_INPUT FOR THIS TASK_
lemma stationary_limit_dist: "stationary A S limit_dist"
proof -
  obtain x where "x \<in> S" using S_nonempty by blast
  define \<iota> where "\<iota> = (\<lambda>z. if z = x then 1 else 0 :: real)"
  have \<iota>: "prob_dist \<iota> S" unfolding \<iota>_def using \<open>x \<in> S\<close> by (rule prob_dist_indicator)
  note lim = evolve_tendsto_limit_dist[OF \<iota>]
  have sum_lim: "(\<lambda>t. \<Sum>y\<in>S. evolve \<iota> t y) \<longlonglongrightarrow> (\<Sum>y\<in>S. limit_dist y)"
    by (intro tendsto_sum lim)
  have "0 \<le> limit_dist y" if "y \<in> S" for y
    using lim[OF that] prob_dist_evolve[OF \<iota>] that
    by (intro LIMSEQ_le_const[of _ _ 0]) (auto simp: prob_dist_def)
  moreover have "(\<Sum>y\<in>S. limit_dist y) = 1"
    using sum_lim prob_dist_evolve[OF \<iota>] by (simp add: prob_dist_def LIMSEQ_const_iff)
  moreover have "(\<Sum>x\<in>S. limit_dist x * A x y) = limit_dist y" if "y \<in> S" for y
  proof (rule LIMSEQ_unique)
    show "(\<lambda>t. evolve \<iota> (Suc t) y) \<longlonglongrightarrow> limit_dist y" using lim[OF that] by (rule LIMSEQ_Suc)
    show "(\<lambda>t. evolve \<iota> (Suc t) y) \<longlonglongrightarrow> (\<Sum>x\<in>S. limit_dist x * A x y)"
      unfolding evolve_Suc using lim by (intro tendsto_sum tendsto_mult_right) auto
  qed
  ultimately show ?thesis unfolding stationary_def prob_dist_def by blast
qed

lemma stationary_unique:
  assumes "stationary A S \<pi>" "x \<in> S"
  shows "\<pi> x = limit_dist x"
proof -
  have "(\<lambda>t. evolve \<pi> t x) \<longlonglongrightarrow> limit_dist x"
    using assms by (intro evolve_tendsto_limit_dist) (auto simp: stationary_def)
  then show ?thesis using evolve_stationary[OF assms] by (simp add: LIMSEQ_const_iff)
qed

lemma mpow_limit_dist_geometric:
  obtains C \<rho> where "0 < C" "0 < \<rho>" "\<rho> < 1"
    "\<And>x t. x \<in> S \<Longrightarrow> (\<Sum>y\<in>S. \<bar>mpow A S t x y - limit_dist y\<bar>) \<le> C * \<rho> ^ t"
proof -
  obtain C \<rho> where C: "0 < C" "0 < \<rho>" "\<rho> < 1"
    and merge: "\<And>\<mu> \<mu>' t. prob_dist \<mu> S \<Longrightarrow> prob_dist \<mu>' S \<Longrightarrow>
       (\<Sum>y\<in>S. \<bar>evolve \<mu> t y - evolve \<mu>' t y\<bar>) \<le> C * \<rho> ^ t"
    using l1_evolve_diff_geometric by blast
  have "(\<Sum>y\<in>S. \<bar>mpow A S t x y - limit_dist y\<bar>) \<le> C * \<rho> ^ t" if "x \<in> S" for x t
    using merge[OF prob_dist_indicator[OF that] stationary_limit_dist[unfolded stationary_def, THEN conjunct1]]
    by (simp add: evolve_indicator[OF that] evolve_stationary[OF stationary_limit_dist])
  with C that show ?thesis by blast
qed

subsection \<open>Positive recurrence\<close>

definition no_return_prob :: "'a \<Rightarrow> nat \<Rightarrow> real" where
  "no_return_prob i t = (\<Sum>j\<in>S. taboo A S i t j)"

lemma taboo_nonneg: "j \<in> S \<Longrightarrow> 0 \<le> taboo A S i t j"
  by (induction t arbitrary: j) (auto intro!: sum_nonneg mult_nonneg_nonneg nonneg)

lemma first_return_nonneg: "i \<in> S \<Longrightarrow> 0 \<le> first_return A S i t"
  unfolding first_return_def by (auto intro!: sum_nonneg mult_nonneg_nonneg nonneg taboo_nonneg)

lemma no_return_prob_nonneg: "0 \<le> no_return_prob i t"
  unfolding no_return_prob_def by (auto intro!: sum_nonneg taboo_nonneg)

lemma no_return_prob_0: "i \<in> S \<Longrightarrow> no_return_prob i 0 = 1"
  unfolding no_return_prob_def using finite_S by simp

lemma no_return_prob_Suc:
  assumes "i \<in> S"
  shows "no_return_prob i (Suc t) = no_return_prob i t - first_return A S i (Suc t)"
proof -
  define g where "g j = (\<Sum>k\<in>S. taboo A S i t k * A k j)" for j
  have "(\<Sum>j\<in>S. g j) = (\<Sum>k\<in>S. taboo A S i t k * (\<Sum>j\<in>S. A k j))"
    unfolding g_def sum_distrib_left by (rule sum.swap)
  then have "(\<Sum>j\<in>S. g j) = no_return_prob i t"
    unfolding no_return_prob_def by (simp add: row_sum)
  moreover have "no_return_prob i (Suc t) = (\<Sum>j\<in>S. g j - (if j = i then g j else 0))"
    unfolding no_return_prob_def g_def by (intro sum.cong) auto
  ultimately show ?thesis
    using assms finite_S by (simp add: sum_subtractf first_return_def g_def)
qed

lemma no_return_prob_le_1:
  assumes "i \<in> S"
  shows "no_return_prob i t \<le> 1"
proof (induction t)
  case (Suc t)
  then show ?case using first_return_nonneg[OF assms, of "Suc t"] by (simp add: no_return_prob_Suc assms)
qed (simp add: no_return_prob_0 assms)
lemma psd_Schur_complement:
  fixes X :: "real^'n^'n"
  assumes "psd X" and pos: "0 < X $ k $ k"
  shows "psd (X - (1 / X $ k $ k) *\<^sub>R outer (X $ k) (X $ k))" (is "psd ?Y")
  unfolding psd_def
proof (intro conjI allI)
  show "symmetric_mat ?Y"
    using assms(1)
    by (simp add: psd_def symmetric_mat_diff symmetric_mat_scaleR symmetric_mat_outer_self)
  fix w
  have "(X $ k \<bullet> w)\<^sup>2 \<le> X $ k $ k * (w \<bullet> (X *v w))"
    using psd_Cauchy_Schwarz[OF assms(1), of "axis k 1" w]
    by (simp add: inner_axis_matrix_vector inner_axis)
  then have "(X $ k \<bullet> w)\<^sup>2 / X $ k $ k \<le> w \<bullet> (X *v w)"
    using pos by (simp add: pos_divide_le_eq mult.commute)
  moreover have "w \<bullet> (?Y *v w) = w \<bullet> (X *v w) - (X $ k \<bullet> w)\<^sup>2 / X $ k $ k"
    by (simp add: matrix_vector_mult_diff_rdistrib inner_diff_right inner_outer_self
        scaleR_matrix_vector_assoc[symmetric])
  ultimately show "0 \<le> w \<bullet> (?Y *v w)" by simp
qed

section \<open>The Frobenius product\<close>

lemma frob_commute: "frob A B = frob B A"
  by (simp add: frob_def mult.commute)

lemma frob_zero_left: "frob 0 A = 0"
  by (simp add: frob_def)

lemma frob_add_left: "frob (A + B) C = frob A C + frob B C"
  by (simp add: frob_def algebra_simps sum.distrib)

lemma frob_diff_left: "frob (A - B) C = frob A C - frob B C"
  by (simp add: frob_def algebra_simps sum_subtractf)

lemma frob_scaleR_left: "frob (r *\<^sub>R A) B = r * frob A B"
  by (simp add: frob_def sum_distrib_left mult.assoc)

lemma frob_sum_left: "frob (\<Sum>i\<in>I. A i) B = (\<Sum>i\<in>I. frob (A i) B)"
  by (induction I rule: infinite_finite_induct) (simp_all add: frob_add_left frob_zero_left)

lemma frob_outer_left: "frob (outer u v) X = u \<bullet> (X *v v)"
  by (simp add: frob_def outer_def inner_vec_def matrix_vector_mult_def sum_distrib_left mult_ac)

lemma frob_mat1_left: "frob (mat 1) A = trace A"
  by (simp add: frob_def trace_def mat_def if_distrib if_distribR sum.delta cong: if_cong)

lemma frob_nonneg: "nonneg_mat A \<Longrightarrow> nonneg_mat B \<Longrightarrow> 0 \<le> frob A B"
  unfolding frob_def nonneg_mat_def by (simp add: sum_nonneg)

_PROBLEM TO SOLVE_
Up to and including the line with "by (intro LIMSEQ_le_const[of", transcribe the entries above exactly, starting from their first line.

_WRITTEN SOLUTION_
lemma stationary_limit_dist: "stationary A S limit_dist"
proof -
  obtain x where "x \<in> S" using S_nonempty by blast
  define \<iota> where "\<iota> = (\<lambda>z. if z = x then 1 else 0 :: real)"
  have \<iota>: "prob_dist \<iota> S" unfolding \<iota>_def using \<open>x \<in> S\<close> by (rule prob_dist_indicator)
  note lim = evolve_tendsto_limit_dist[OF \<iota>]
  have sum_lim: "(\<lambda>t. \<Sum>y\<in>S. evolve \<iota> t y) \<longlonglongrightarrow> (\<Sum>y\<in>S. limit_dist y)"
    by (intro tendsto_sum lim)
  have "0 \<le> limit_dist y" if "y \<in> S" for y
    using lim[OF that] prob_dist_evolve[OF \<iota>] that
    by (intro LIMSEQ_le_const[of _ _ 0]) (auto simp: prob_dist_def)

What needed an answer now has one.